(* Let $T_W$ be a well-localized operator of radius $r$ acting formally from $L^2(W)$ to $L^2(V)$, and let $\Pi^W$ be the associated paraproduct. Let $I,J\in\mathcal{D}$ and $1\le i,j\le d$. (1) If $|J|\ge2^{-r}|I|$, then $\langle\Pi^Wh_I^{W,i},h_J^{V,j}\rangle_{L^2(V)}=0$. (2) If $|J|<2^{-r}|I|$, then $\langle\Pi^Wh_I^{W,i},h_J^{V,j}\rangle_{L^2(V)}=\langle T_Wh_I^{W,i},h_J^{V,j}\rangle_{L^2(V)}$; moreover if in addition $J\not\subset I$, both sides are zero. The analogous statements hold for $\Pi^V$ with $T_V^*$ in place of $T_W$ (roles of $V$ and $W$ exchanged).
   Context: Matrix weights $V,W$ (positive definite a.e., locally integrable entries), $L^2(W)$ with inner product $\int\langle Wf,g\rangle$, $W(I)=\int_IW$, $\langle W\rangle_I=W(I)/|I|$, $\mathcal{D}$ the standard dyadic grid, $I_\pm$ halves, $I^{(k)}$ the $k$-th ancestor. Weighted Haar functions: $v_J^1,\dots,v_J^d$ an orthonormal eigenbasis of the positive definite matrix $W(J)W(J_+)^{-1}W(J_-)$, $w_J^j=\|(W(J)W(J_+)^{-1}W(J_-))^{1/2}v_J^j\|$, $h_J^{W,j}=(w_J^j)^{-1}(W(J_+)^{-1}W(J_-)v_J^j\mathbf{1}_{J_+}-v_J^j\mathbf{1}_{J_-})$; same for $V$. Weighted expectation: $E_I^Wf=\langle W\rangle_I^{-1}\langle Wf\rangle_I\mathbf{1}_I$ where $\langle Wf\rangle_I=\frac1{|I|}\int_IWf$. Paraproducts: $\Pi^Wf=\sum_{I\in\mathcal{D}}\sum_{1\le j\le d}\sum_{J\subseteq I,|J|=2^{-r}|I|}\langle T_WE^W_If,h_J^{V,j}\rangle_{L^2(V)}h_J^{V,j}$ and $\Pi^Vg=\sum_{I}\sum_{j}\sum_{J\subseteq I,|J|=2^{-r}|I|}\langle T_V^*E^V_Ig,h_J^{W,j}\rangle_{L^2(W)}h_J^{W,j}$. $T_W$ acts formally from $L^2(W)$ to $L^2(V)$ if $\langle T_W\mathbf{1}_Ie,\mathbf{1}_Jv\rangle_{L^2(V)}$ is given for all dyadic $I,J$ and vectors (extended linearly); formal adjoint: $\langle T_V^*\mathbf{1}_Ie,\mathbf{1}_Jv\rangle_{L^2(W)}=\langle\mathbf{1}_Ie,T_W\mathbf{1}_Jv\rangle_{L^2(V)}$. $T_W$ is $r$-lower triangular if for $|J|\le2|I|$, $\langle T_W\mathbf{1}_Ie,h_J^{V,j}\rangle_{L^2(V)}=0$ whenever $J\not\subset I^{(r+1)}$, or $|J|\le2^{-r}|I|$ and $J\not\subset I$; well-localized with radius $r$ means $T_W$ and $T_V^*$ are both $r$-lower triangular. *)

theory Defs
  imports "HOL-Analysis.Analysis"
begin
______
*GOAL OF THE EXERCISE*
Transcribe the full listing above without leaving anything out.

*EXPECTED OUTPUT*
(* Let $T_W$ be a well-localized operator of radius $r$ acting formally from $L^2(W)$ to $L^2(V)$, and let $\Pi^W$ be the associated paraproduct. Let $I,J\in\mathcal{D}$ and $1\le i,j\le d$. (1) If $|J|\ge2^{-r}|I|$, then $\langle\Pi^Wh_I^{W,i},h_J^{V,j}\rangle_{L^2(V)}=0$. (2) If $|J|<2^{-r}|I|$, then $\langle\Pi^Wh_I^{W,i},h_J^{V,j}\rangle_{L^2(V)}=\langle T_Wh_I^{W,i},h_J^{V,j}\rangle_{L^2(V)}$; moreover if in addition $J\not\subset I$, both sides are zero. The analogous statements hold for $\Pi^V$ with $T_V^*$ in place of $T_W$ (roles of $V$ and $W$ exchanged).
   Context: Matrix weights $V,W$ (positive definite a.e., locally integrable entries), $L^2(W)$ with inner product $\int\langle Wf,g\rangle$, $W(I)=\int_IW$, $\langle W\rangle_I=W(I)/|I|$, $\mathcal{D}$ the standard dyadic grid, $I_\pm$ halves, $I^{(k)}$ the $k$-th ancestor. Weighted Haar functions: $v_J^1,\dots,v_J^d$ an orthonormal eigenbasis of the positive definite matrix $W(J)W(J_+)^{-1}W(J_-)$, $w_J^j=\|(W(J)W(J_+)^{-1}W(J_-))^{1/2}v_J^j\|$, $h_J^{W,j}=(w_J^j)^{-1}(W(J_+)^{-1}W(J_-)v_J^j\mathbf{1}_{J_+}-v_J^j\mathbf{1}_{J_-})$; same for $V$. Weighted expectation: $E_I^Wf=\langle W\rangle_I^{-1}\langle Wf\rangle_I\mathbf{1}_I$ where $\langle Wf\rangle_I=\frac1{|I|}\int_IWf$. Paraproducts: $\Pi^Wf=\sum_{I\in\mathcal{D}}\sum_{1\le j\le d}\sum_{J\subseteq I,|J|=2^{-r}|I|}\langle T_WE^W_If,h_J^{V,j}\rangle_{L^2(V)}h_J^{V,j}$ and $\Pi^Vg=\sum_{I}\sum_{j}\sum_{J\subseteq I,|J|=2^{-r}|I|}\langle T_V^*E^V_Ig,h_J^{W,j}\rangle_{L^2(W)}h_J^{W,j}$. $T_W$ acts formally from $L^2(W)$ to $L^2(V)$ if $\langle T_W\mathbf{1}_Ie,\mathbf{1}_Jv\rangle_{L^2(V)}$ is given for all dyadic $I,J$ and vectors (extended linearly); formal adjoint: $\langle T_V^*\mathbf{1}_Ie,\mathbf{1}_Jv\rangle_{L^2(W)}=\langle\mathbf{1}_Ie,T_W\mathbf{1}_Jv\rangle_{L^2(V)}$. $T_W$ is $r$-lower triangular if for $|J|\le2|I|$, $\langle T_W\mathbf{1}_Ie,h_J^{V,j}\rangle_{L^2(V)}=0$ whenever $J\not\subset I^{(r+1)}$, or $|J|\le2^{-r}|I|$ and $J\not\subset I$; well-localized with radius $r$ means $T_W$ and $T_V^*$ are both $r$-lower triangular. *)

theory Defs
  imports "HOL-Analysis.Analysis"
begin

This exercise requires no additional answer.